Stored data
________________________________________
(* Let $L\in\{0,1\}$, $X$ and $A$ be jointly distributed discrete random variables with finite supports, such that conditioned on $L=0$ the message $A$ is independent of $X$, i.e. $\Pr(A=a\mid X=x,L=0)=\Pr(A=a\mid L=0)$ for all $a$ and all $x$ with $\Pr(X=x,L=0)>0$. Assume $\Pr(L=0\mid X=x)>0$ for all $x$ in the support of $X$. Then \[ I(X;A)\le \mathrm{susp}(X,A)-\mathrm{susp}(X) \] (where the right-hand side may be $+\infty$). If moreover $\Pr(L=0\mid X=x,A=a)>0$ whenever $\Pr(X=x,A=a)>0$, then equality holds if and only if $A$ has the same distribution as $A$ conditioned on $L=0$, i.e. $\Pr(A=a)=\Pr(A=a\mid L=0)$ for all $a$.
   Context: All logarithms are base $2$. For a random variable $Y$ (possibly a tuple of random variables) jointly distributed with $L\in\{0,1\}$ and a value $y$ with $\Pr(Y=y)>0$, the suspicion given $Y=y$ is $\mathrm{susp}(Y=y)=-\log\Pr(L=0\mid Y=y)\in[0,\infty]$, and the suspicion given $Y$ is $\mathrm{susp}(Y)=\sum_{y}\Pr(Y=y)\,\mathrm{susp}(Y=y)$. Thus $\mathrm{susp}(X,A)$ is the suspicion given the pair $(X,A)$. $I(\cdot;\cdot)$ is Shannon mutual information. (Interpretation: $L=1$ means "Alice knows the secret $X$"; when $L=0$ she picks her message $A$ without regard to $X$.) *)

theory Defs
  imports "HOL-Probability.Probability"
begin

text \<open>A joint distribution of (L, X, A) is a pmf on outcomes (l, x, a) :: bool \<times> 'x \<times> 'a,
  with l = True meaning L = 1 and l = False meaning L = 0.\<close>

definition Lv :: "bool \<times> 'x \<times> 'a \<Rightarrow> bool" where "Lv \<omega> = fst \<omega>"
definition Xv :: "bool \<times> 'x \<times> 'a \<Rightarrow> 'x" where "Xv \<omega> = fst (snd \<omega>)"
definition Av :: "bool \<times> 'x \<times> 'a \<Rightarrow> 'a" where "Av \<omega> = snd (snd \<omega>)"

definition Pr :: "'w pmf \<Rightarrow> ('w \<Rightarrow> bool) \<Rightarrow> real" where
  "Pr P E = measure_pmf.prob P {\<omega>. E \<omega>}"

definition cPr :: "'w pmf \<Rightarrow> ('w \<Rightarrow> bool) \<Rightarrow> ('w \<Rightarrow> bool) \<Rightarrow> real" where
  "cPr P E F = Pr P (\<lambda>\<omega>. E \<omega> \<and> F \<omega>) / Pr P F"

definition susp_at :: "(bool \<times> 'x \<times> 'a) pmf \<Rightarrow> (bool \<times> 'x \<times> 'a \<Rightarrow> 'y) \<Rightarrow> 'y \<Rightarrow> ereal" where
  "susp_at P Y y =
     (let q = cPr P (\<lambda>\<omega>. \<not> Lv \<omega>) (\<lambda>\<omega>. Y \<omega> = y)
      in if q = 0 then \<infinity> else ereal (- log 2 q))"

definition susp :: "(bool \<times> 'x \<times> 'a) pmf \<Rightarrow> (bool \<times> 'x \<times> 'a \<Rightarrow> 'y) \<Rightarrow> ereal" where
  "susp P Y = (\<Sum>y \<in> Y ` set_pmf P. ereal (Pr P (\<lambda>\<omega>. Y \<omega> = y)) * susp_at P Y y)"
________________________________________
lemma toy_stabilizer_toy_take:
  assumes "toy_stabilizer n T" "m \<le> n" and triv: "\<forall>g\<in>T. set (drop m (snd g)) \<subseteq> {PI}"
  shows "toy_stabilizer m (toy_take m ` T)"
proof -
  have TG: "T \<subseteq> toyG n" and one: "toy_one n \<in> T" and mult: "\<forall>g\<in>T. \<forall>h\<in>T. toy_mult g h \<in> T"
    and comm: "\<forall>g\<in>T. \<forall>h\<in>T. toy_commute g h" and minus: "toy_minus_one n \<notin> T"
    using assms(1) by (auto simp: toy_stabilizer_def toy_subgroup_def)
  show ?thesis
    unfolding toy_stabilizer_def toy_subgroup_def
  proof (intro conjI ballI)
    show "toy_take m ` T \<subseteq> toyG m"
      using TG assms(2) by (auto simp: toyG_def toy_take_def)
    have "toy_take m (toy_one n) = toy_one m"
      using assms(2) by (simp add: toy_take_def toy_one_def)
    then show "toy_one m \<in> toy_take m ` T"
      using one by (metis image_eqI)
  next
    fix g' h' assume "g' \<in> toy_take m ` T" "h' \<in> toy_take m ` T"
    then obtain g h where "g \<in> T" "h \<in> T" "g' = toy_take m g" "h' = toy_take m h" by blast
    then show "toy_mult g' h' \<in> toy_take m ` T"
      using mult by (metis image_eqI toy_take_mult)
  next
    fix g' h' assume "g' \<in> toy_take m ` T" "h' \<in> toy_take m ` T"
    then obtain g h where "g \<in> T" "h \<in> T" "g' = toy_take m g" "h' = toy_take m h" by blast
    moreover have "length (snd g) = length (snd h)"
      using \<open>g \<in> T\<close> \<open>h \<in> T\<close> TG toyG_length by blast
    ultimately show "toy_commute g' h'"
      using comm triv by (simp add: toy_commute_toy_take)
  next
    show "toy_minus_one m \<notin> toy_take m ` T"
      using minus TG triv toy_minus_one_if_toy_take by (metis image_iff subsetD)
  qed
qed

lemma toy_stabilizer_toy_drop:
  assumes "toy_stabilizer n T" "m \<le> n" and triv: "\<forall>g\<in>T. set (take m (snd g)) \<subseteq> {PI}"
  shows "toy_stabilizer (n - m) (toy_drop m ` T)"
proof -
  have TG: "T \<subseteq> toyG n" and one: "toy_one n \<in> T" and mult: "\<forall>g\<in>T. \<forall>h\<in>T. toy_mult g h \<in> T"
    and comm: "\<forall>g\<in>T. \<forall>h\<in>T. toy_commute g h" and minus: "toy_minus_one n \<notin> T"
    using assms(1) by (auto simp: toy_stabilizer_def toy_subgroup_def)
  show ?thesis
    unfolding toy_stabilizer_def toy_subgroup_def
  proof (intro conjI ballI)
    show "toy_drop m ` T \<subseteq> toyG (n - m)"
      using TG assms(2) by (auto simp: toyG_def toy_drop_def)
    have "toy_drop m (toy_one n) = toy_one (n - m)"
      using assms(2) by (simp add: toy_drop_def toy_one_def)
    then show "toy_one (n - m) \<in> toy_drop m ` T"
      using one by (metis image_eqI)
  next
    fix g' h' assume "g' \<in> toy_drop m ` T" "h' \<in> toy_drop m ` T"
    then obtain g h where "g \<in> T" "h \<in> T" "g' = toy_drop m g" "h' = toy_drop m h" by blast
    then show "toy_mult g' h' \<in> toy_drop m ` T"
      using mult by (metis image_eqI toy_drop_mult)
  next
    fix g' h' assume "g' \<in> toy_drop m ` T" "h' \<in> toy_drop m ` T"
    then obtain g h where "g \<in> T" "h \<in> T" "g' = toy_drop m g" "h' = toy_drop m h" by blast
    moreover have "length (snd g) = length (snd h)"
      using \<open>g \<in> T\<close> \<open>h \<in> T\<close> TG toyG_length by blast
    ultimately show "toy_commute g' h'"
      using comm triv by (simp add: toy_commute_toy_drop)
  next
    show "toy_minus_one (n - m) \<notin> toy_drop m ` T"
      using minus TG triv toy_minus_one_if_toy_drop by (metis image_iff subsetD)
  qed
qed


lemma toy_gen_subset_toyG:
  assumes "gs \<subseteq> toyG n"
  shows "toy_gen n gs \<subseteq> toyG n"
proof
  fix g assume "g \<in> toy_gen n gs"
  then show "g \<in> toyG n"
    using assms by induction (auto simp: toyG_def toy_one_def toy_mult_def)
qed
________________________________________
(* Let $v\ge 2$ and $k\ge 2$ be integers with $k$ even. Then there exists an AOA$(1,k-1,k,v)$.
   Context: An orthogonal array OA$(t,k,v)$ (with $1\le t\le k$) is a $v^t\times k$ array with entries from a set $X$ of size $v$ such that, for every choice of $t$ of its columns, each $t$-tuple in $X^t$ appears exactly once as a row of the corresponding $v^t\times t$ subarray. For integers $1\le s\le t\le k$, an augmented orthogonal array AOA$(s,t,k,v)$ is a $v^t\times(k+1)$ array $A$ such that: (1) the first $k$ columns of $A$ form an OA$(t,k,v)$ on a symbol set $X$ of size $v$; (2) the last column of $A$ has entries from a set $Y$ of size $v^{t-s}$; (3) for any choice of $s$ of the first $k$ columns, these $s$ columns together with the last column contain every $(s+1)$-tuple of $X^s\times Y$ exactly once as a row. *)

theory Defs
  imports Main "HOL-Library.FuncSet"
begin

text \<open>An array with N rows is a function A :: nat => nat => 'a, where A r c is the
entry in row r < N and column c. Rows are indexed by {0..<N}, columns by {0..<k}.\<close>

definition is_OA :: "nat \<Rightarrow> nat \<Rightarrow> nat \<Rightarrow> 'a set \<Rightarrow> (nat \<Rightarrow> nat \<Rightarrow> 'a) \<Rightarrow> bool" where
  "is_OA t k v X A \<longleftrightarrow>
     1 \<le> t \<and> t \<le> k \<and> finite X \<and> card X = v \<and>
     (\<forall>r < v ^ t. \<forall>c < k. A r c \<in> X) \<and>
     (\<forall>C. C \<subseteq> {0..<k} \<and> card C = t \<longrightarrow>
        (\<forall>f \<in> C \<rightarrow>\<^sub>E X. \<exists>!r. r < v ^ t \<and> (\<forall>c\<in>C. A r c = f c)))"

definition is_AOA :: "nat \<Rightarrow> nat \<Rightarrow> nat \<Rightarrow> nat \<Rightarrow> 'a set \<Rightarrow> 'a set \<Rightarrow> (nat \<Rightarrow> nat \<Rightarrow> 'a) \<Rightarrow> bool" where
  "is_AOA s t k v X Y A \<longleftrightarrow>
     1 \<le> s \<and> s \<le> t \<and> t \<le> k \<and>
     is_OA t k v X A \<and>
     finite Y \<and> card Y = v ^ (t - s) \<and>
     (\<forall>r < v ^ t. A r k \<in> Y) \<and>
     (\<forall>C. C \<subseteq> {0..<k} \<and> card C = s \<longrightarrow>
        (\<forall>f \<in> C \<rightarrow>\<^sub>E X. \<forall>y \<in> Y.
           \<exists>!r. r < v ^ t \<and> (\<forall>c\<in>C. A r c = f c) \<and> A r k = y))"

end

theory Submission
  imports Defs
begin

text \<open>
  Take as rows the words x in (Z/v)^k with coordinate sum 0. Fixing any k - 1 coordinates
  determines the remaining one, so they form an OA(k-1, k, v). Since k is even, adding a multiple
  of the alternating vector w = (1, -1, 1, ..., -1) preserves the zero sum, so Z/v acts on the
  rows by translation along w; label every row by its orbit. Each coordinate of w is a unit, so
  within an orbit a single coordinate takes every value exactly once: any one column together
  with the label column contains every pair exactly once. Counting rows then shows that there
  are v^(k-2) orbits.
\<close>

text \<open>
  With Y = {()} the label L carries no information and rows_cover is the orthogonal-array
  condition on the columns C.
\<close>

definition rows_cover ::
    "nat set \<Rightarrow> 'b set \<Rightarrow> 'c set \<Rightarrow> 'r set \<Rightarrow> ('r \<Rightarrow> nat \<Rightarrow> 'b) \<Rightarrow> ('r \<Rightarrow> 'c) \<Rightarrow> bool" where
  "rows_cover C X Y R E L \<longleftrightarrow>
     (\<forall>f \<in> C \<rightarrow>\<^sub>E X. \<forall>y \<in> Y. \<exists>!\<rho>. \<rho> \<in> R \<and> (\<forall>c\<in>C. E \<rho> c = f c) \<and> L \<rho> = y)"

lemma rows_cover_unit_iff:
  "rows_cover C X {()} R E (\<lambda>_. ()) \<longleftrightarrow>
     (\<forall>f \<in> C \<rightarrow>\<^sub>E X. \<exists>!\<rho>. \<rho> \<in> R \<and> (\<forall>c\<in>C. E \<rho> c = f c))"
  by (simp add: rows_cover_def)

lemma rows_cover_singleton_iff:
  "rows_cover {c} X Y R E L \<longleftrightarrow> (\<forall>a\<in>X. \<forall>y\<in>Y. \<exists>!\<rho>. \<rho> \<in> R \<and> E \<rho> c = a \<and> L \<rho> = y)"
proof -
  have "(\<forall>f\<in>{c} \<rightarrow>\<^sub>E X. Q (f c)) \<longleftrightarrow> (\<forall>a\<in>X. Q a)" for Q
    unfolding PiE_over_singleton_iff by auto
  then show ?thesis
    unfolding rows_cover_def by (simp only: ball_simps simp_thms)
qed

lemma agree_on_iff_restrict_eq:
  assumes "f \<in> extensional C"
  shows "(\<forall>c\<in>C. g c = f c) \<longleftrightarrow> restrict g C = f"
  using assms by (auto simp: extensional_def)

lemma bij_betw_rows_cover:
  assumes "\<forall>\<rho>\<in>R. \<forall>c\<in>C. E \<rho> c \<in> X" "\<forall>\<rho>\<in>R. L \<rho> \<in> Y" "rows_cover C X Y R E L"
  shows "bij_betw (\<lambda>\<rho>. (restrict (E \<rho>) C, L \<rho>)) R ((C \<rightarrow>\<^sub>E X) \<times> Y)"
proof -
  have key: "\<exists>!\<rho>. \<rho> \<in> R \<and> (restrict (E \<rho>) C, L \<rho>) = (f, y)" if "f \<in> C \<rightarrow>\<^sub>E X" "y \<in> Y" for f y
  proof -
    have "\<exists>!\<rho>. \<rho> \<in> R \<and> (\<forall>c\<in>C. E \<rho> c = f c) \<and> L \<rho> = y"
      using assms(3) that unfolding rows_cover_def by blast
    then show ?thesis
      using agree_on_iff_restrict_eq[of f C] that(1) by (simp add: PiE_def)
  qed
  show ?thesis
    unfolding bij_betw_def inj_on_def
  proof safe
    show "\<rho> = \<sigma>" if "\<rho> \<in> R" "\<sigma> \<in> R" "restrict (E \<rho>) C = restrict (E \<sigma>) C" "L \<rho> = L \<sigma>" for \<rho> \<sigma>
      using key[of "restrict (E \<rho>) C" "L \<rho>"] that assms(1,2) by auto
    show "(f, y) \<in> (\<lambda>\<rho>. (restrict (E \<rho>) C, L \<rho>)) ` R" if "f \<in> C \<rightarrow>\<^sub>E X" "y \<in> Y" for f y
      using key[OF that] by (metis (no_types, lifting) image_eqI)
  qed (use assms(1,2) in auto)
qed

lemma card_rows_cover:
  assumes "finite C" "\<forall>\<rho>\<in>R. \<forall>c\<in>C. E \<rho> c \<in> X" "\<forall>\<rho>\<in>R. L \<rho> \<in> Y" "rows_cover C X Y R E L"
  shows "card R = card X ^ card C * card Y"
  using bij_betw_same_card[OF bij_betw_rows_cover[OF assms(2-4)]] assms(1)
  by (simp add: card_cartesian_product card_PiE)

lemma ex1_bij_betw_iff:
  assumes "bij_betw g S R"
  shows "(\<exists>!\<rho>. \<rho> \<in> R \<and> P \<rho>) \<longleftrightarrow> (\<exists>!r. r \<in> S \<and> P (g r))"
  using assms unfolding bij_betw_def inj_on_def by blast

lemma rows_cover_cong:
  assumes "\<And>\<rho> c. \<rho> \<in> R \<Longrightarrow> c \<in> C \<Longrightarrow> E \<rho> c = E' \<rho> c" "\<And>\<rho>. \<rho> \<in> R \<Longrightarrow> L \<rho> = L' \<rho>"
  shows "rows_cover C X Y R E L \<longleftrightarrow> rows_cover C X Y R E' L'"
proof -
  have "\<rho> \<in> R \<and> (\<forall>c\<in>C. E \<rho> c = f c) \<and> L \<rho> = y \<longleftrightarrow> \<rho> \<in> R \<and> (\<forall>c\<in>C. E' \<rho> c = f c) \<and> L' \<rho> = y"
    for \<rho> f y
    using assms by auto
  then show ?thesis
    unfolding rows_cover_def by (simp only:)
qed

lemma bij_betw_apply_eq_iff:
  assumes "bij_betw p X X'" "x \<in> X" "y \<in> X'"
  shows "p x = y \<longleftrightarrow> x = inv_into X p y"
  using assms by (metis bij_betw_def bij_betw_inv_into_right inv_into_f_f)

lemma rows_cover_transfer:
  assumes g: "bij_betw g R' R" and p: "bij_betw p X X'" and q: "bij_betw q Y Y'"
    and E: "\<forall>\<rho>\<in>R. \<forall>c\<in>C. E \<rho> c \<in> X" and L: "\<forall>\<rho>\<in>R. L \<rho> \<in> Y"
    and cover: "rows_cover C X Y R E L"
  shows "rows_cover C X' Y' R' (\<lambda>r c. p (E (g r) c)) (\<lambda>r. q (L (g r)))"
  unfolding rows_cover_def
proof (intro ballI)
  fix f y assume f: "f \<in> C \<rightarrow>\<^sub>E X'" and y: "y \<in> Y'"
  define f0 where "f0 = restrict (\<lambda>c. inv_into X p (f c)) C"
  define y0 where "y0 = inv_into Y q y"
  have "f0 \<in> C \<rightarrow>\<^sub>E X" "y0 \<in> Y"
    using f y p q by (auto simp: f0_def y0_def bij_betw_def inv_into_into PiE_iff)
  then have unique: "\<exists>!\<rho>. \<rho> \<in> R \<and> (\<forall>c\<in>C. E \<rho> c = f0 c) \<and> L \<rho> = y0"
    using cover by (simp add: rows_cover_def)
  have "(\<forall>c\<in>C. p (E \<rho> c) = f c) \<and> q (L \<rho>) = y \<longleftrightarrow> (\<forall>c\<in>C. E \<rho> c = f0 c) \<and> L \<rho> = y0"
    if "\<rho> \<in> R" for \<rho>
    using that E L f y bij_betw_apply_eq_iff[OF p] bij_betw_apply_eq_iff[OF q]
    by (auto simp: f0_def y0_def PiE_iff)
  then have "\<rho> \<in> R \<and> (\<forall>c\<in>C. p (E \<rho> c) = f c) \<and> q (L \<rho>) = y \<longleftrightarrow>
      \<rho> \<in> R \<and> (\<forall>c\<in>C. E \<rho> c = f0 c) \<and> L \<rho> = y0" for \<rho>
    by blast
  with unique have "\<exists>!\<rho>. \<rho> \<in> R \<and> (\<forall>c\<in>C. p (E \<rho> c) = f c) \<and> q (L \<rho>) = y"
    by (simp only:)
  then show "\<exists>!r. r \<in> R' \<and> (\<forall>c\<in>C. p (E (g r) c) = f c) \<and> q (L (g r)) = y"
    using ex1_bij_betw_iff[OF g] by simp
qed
________________________________________
--- WORK TASK ---
How many of the lines in the records include the string "triv"? Reply with the number alone.

--- THE COMPLETED TASK ---
6